In Lament - Princeton Theological Seminary

On Saturday afternoon, eighty-six year old Ruth Whitfield was just stopping by the Tops grocery store in East Buffalo after spending another day caring for her husband who resides in a nearby assisted living residence. For fifty years she had been a member of the Durham AME Zion Church, where she sang in the choir. Then her life was violently taken by a white supremacist who livestreamed his slaughter of Mrs. Whitfield’s life along with the others who also thought they were just stopping by their neighborhood grocery.

This is only the latest in a long torrent of racist shootings in our country, following the massacres of nine African Americans in a Charleston church Bible study in 2015, eleven Jews worshiping in a Pittsburgh synagogue in 2018, more than twenty Latinx persons in an El Paso Walmart in 2019, and a horrible span of violence against Asian Americans last year, including six who were murdered in Atlanta’s health spas. But these are not just numbers. They are all persons like Ruth Whitfield, who were quietly and faithfully going about their lives, created in the image of God with dignity and honor, and whose holy lives were obliterated by readily available guns wielded by white men whose violence was cultivated by pervasive racism.

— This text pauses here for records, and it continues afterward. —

(* Let $Z$ be a fat point scheme in $\mathbb{P}^1\times\mathbb{P}^1$, $m=|\alpha_Z|$, $m'=|\beta_Z|$, and define $B_C=(H_Z(m-1,0),H_Z(m-1,1),\dots,H_Z(m-1,m'-1))$ and $B_R=(H_Z(0,m'-1),H_Z(1,m'-1),\dots,H_Z(m-1,m'-1))$. Then $\Delta B_C=\alpha_Z^*$ and $\Delta B_R=\beta_Z^*$ (where the conjugate partitions are padded with zeros to the lengths $m'$ and $m$ respectively).
   Context: $\mathbf{k}$ algebraically closed, $R=\mathbf{k}[x_0,x_1,y_0,y_1]$ bigraded with $\deg x_i=(1,0)$, $\deg y_i=(0,1)$; a fat point scheme $Z=\{(P_1;m_1),\dots,(P_s;m_s)\}$ has ideal $I_Z=\bigcap\wp_{P_i}^{m_i}$ (where $[a_0:a_1]\times[b_0:b_1]$ has ideal $(a_1x_0-a_0x_1,b_1y_0-b_0y_1)$) and Hilbert function $H_Z(i,j)=\dim_{\mathbf{k}}(R/I_Z)_{(i,j)}$. With $\pi_1(\mathrm{Supp}\,Z)=\{R_1,\dots,R_r\}$, $\pi_2(\mathrm{Supp}\,Z)=\{Q_1,\dots,Q_t\}$ and $m_{ij}$ the multiplicity of $R_i\times Q_j$ ($0$ if absent): $l_i=\max_j m_{ij}$, $a_{i,k}=\sum_j(m_{ij}-k)_+$ ($0\le k\le l_i-1$), $\alpha_Z$ = all $a_{i,k}$ in non-increasing order; $l'_j=\max_i m_{ij}$, $b_{j,k}=\sum_i(m_{ij}-k)_+$ ($0\le k\le l'_j-1$), $\beta_Z$ = all $b_{j,k}$ in non-increasing order; $(n)_+=\max\{0,n\}$. For a tuple $p=(p_1,\dots,p_k)$, $\Delta p=(p_1,p_2-p_1,\dots,p_k-p_{k-1})$. For a partition $\lambda=(\lambda_1\ge\dots\ge\lambda_n)$ of positive integers, its conjugate is $\lambda^*=(\lambda^*_1,\dots,\lambda^*_{\lambda_1})$ with $\lambda^*_i=\#\{j:\lambda_j\ge i\}$. *)

theory Defs
  imports "HOL-Library.Poly_Mapping" "HOL-Library.Multiset"
          "HOL-Computational_Algebra.Polynomial"
begin

text \<open>Polynomials in variables indexed by nat (monomials are finitely supported
  exponent vectors); R is the subring of polynomials in the variables 0,1,2,3,
  where x0 = var 0, x1 = var 1, y0 = var 2, y1 = var 3.\<close>

type_synonym 'k mpol = "(nat \<Rightarrow>\<^sub>0 nat) \<Rightarrow>\<^sub>0 'k"

definition cst :: "'k::comm_ring_1 \<Rightarrow> 'k mpol" where
  "cst c = Poly_Mapping.single 0 c"

definition var :: "nat \<Rightarrow> 'k::comm_ring_1 mpol" where
  "var i = Poly_Mapping.single (Poly_Mapping.single i 1) 1"

definition ringR :: "'k::comm_ring_1 mpol set" where
  "ringR = {F. \<forall>\<mu>\<in>Poly_Mapping.keys F. Poly_Mapping.keys \<mu> \<subseteq> {0,1,2,3}}"

definition bihom :: "nat \<Rightarrow> nat \<Rightarrow> 'k::comm_ring_1 mpol set" where
  "bihom i j = {F. \<forall>\<mu>\<in>Poly_Mapping.keys F. Poly_Mapping.keys \<mu> \<subseteq> {0,1,2,3}
       \<and> Poly_Mapping.lookup \<mu> 0 + Poly_Mapping.lookup \<mu> 1 = i \<and> Poly_Mapping.lookup \<mu> 2 + Poly_Mapping.lookup \<mu> 3 = j}"

definition kscale :: "'k::field \<Rightarrow> 'k mpol \<Rightarrow> 'k mpol" where
  "kscale c F = cst c * F"

definition kdim :: "'k::field mpol set \<Rightarrow> nat" where
  "kdim V = vector_space.dim kscale V"

text \<open>A point of P1 is represented by a nonzero pair (a0,a1) of homogeneous coordinates.\<close>
definition proj_eq :: "'k::field \<times> 'k \<Rightarrow> 'k \<times> 'k \<Rightarrow> bool" where
  "proj_eq a c \<longleftrightarrow> fst a * snd c = snd a * fst c"

definition proj_class :: "'k::field \<times> 'k \<Rightarrow> ('k \<times> 'k) set" where
  "proj_class a = {c. c \<noteq> (0,0) \<and> proj_eq c a}"

text \<open>A fat point scheme Z = {(P_1;m_1),...,(P_s;m_s)} is a list of entries
  ((a,b),m): P = [a0:a1] x [b0:b1], multiplicity m \<ge> 1, points pairwise distinct.\<close>
type_synonym 'k fatpts = "((('k \<times> 'k) \<times> ('k \<times> 'k)) \<times> nat) list"

definition fat_point_scheme :: "'k::field fatpts \<Rightarrow> bool" where
  "fat_point_scheme Z \<longleftrightarrow>
     (\<forall>((a,b),m)\<in>set Z. a \<noteq> (0,0) \<and> b \<noteq> (0,0) \<and> 1 \<le> m) \<and>
     (\<forall>i<length Z. \<forall>j<length Z. i \<noteq> j \<longrightarrow>
        \<not> (proj_eq (fst (fst (Z!i))) (fst (fst (Z!j))) \<and>
           proj_eq (snd (fst (Z!i))) (snd (fst (Z!j)))))"

text \<open>The ideal wp_P^m = (a1 x0 - a0 x1, b1 y0 - b0 y1)^m of R, i.e. the ideal of R
  generated by the products L1^k L2^(m-k), k = 0..m.\<close>
definition lin1 :: "('k::field \<times> 'k) \<Rightarrow> 'k mpol" where
  "lin1 a = cst (snd a) * var 0 - cst (fst a) * var 1"

definition lin2 :: "('k::field \<times> 'k) \<Rightarrow> 'k mpol" where
  "lin2 b = cst (snd b) * var 2 - cst (fst b) * var 3"

definition pt_ideal_pow :: "('k::field \<times> 'k) \<times> ('k \<times> 'k) \<Rightarrow> nat \<Rightarrow> 'k mpol set" where
  "pt_ideal_pow P m = {F. \<exists>g. (\<forall>k\<le>m. g k \<in> ringR) \<and>
       F = (\<Sum>k\<le>m. g k * lin1 (fst P) ^ k * lin2 (snd P) ^ (m - k))}"

definition fat_ideal :: "'k::field fatpts \<Rightarrow> 'k mpol set" where
  "fat_ideal Z = ringR \<inter> (\<Inter>(P,m)\<in>set Z. pt_ideal_pow P m)"

text \<open>Hilbert function H_Z(i,j) = dim_k (R/I_Z)_(i,j) = dim_k R_(i,j) - dim_k (I_Z)_(i,j)
  (I_Z is bihomogeneous, so (R/I_Z)_(i,j) = R_(i,j) / (I_Z \<inter> R_(i,j))).\<close>
definition hilb :: "'k::field fatpts \<Rightarrow> nat \<Rightarrow> nat \<Rightarrow> nat" where
  "hilb Z i j = kdim (bihom i j :: 'k mpol set) - kdim (fat_ideal Z \<inter> bihom i j)"

definition rows :: "'k::field fatpts \<Rightarrow> ('k \<times> 'k) set set" where
  "rows Z = (\<lambda>((a,b),m). proj_class a) ` set Z"

definition cols :: "'k::field fatpts \<Rightarrow> ('k \<times> 'k) set set" where
  "cols Z = (\<lambda>((a,b),m). proj_class b) ` set Z"

definition mult :: "'k::field fatpts \<Rightarrow> ('k \<times> 'k) set \<Rightarrow> ('k \<times> 'k) set \<Rightarrow> nat" where
  "mult Z C D = sum_list (map snd (filter (\<lambda>((a,b),m). proj_class a = C \<and> proj_class b = D) Z))"

definition desc_list :: "nat multiset \<Rightarrow> nat list" where
  "desc_list M = rev (sorted_list_of_multiset M)"

definition alphaZ :: "'k::field fatpts \<Rightarrow> nat list" where
  "alphaZ Z = desc_list (\<Sum>C\<in>rows Z.
      mset (map (\<lambda>k. \<Sum>D\<in>cols Z. mult Z C D - k) [0..<Max ((mult Z C) ` cols Z)]))"

definition betaZ :: "'k::field fatpts \<Rightarrow> nat list" where
  "betaZ Z = desc_list (\<Sum>D\<in>cols Z.
      mset (map (\<lambda>k. \<Sum>C\<in>rows Z. mult Z C D - k) [0..<Max ((\<lambda>C. mult Z C D) ` rows Z)]))"

definition conjugate :: "nat list \<Rightarrow> nat list" where
  "conjugate lam = map (\<lambda>i. length (filter (\<lambda>x. i \<le> x) lam)) [1..<Suc (foldr max lam 0)]"

definition pad0 :: "nat list \<Rightarrow> nat \<Rightarrow> nat list" where
  "pad0 xs n = xs @ replicate (n - length xs) 0"

definition Delta :: "int list \<Rightarrow> int list" where
  "Delta p = map (\<lambda>(u,v). u - v) (zip p (0 # p))"

end

theory Submission
  imports Defs
begin
lemma normalized_sum_multiples_powers:
  assumes "N > 0" "M dvd N" "r \<ge> 1"
  shows "1 / of_nat N ^ r * (\<Sum>j=1..N. if M dvd j then of_nat j ^ r else 0) =
    1 / 2 + 1 / of_nat (r + 1) * (\<Sum>m=0..r div 2. of_nat ((r + 1) choose (2 * m)) * bernoulli (2 * m)
      * (of_nat M / of_nat N :: complex) powi (2 * int m - 1))"
proof -
  obtain q where N: "N = M * q" using assms(2) by blast
  with assms(1) have "M > 0" "q > 0" by auto
  have ratio: "(of_nat M / of_nat N :: complex) = 1 / of_nat q"
    using \<open>M > 0\<close> by (simp add: N)
  have "1 / of_nat N ^ r * (\<Sum>j=1..N. if M dvd j then of_nat j ^ r else 0) =
      1 / of_nat q ^ r * (\<Sum>t=1..q. of_nat t ^ r :: complex)"
    unfolding N sum_multiples_powers[OF \<open>M > 0\<close>] using \<open>M > 0\<close> by (simp add: power_mult_distrib)
  also have "\<dots> = 1 / 2 + 1 / of_nat (r + 1) * (\<Sum>m=0..r div 2. of_nat ((r + 1) choose (2 * m)) * bernoulli (2 * m)
      * (of_nat q ^ (r + 1 - 2 * m) / of_nat q ^ r))"
    unfolding sum_powers_faulhaber[OF assms(3)] using \<open>q > 0\<close>
    by (simp add: ring_distribs sum_distrib_left mult_ac)
  also have "\<dots> = 1 / 2 + 1 / of_nat (r + 1) * (\<Sum>m=0..r div 2. of_nat ((r + 1) choose (2 * m)) * bernoulli (2 * m)
      * (of_nat M / of_nat N :: complex) powi (2 * int m - 1))"
    unfolding ratio using \<open>q > 0\<close>
    by (intro arg_cong2[where f = "(+)"] arg_cong2[where f = "(*)"] refl sum.cong)
      (auto simp only: power_ratio_eq_power_int atLeastAtMost_iff)
  finally show ?thesis .
qed

lemma lcm_power_nat: "lcm (x ^ a) (y ^ a) = lcm x y ^ a" for x y :: nat
  by (simp add: lcm_nat_def div_power power_mult_distrib dvd_mult)

lemma Lcm_image_power_nat:
  fixes d :: "'i \<Rightarrow> nat"
  assumes "finite A"
  shows "Lcm ((\<lambda>i. d i ^ a) ` A) = Lcm (d ` A) ^ a"
  using assms by (induction A rule: finite_induct) (auto simp: lcm_power_nat)

lemma all_power_dvd_iff_Lcm_power_dvd:
  fixes d :: "'i \<Rightarrow> nat"
  assumes "finite A"
  shows "(\<forall>i\<in>A. d i ^ a dvd j) \<longleftrightarrow> Lcm (d ` A) ^ a dvd j"
  unfolding Lcm_image_power_nat[OF assms, symmetric] by (simp add: Lcm_dvd_iff)

lemma Lcm_image_pos_nat:
  fixes d :: "'i \<Rightarrow> nat"
  assumes "finite A" "\<forall>i\<in>A. d i > 0"
  shows "Lcm (d ` A) > 0"
  using assms by (metis Lcm_0_iff finite_imageI imageE neq0_conv)

lemma prod_if_else_zero:
  fixes g :: "'i \<Rightarrow> 'a :: comm_semiring_1"
  assumes "finite A"
  shows "(\<Prod>i\<in>A. if P i then g i else 0) = (if \<forall>i\<in>A. P i then prod g A else 0)"
  using assms by (cases "\<forall>i\<in>A. P i") (auto intro: prod.cong intro!: prod_zero)

lemma prod_sum_divisors_power_dvd:
  fixes g :: "'i \<Rightarrow> nat \<Rightarrow> 'a :: comm_semiring_1"
  assumes "finite I" "\<forall>i\<in>I. k i > 0"
  shows "(\<Prod>i\<in>I. \<Sum>e | e dvd k i \<and> e ^ a dvd j. g i e) =
    (\<Sum>d\<in>Pi\<^sub>E I (\<lambda>i. {e. e dvd k i}). if Lcm (d ` I) ^ a dvd j then \<Prod>i\<in>I. g i (d i) else 0)"
proof -
  have "(\<Prod>i\<in>I. \<Sum>e | e dvd k i \<and> e ^ a dvd j. g i e) =
      (\<Prod>i\<in>I. \<Sum>e | e dvd k i. if e ^ a dvd j then g i e else 0)"
  proof (intro prod.cong refl)
    fix i assume "i \<in> I"
    then have "finite {e. e dvd k i}"
      using assms(2) by simp
    from sum.inter_filter[OF this] show "(\<Sum>e | e dvd k i \<and> e ^ a dvd j. g i e) =
        (\<Sum>e | e dvd k i. if e ^ a dvd j then g i e else 0)"
      by simp
  qed
  also have "\<dots> = (\<Sum>d\<in>Pi\<^sub>E I (\<lambda>i. {e. e dvd k i}). \<Prod>i\<in>I. if d i ^ a dvd j then g i (d i) else 0)"
    using assms by (intro prod_sum_PiE) auto
  finally show ?thesis
    using assms(1) by (simp add: prod_if_else_zero all_power_dvd_iff_Lcm_power_dvd)
qed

The gunman’s decision to livestream his slaughter of the innocent lives in a grocery store assumed there was an audience for his atrocity. And the horrible reality is that he was right. The document he published before the shooting cited references to the murder of those at the Mother Emanuel Church in Charleston and the slaughter of fifty-one Muslims in New Zealand. Each of these horrors seems to feed the next one.

So when people of color don’t feel safe in a grocery store and the other public spaces of daily life, and when their hearts feel the age-old hurt of spoiling the innocence of their children with the cruel acknowledgment of the dangers directed toward them because of the color of their skin, all of us as members of the human community are called to do more than simply understand their pain. We are called to be allies with them in the pursuit of change.

Our Seminary joins the houses of worship around the country in deep lament over all of the people, including Ruth Whitfield, who have been murdered by the racism that persists in our nation. We will continue to form leaders committed to a more just society, and we will keep proclaiming the biblical vision of a city with a river of life flowing through it that nurtures abundant life for all of God’s beloved creation.

There will be a service of prayer in the Seminary Chapel today at noon. Everyone is invited to attend.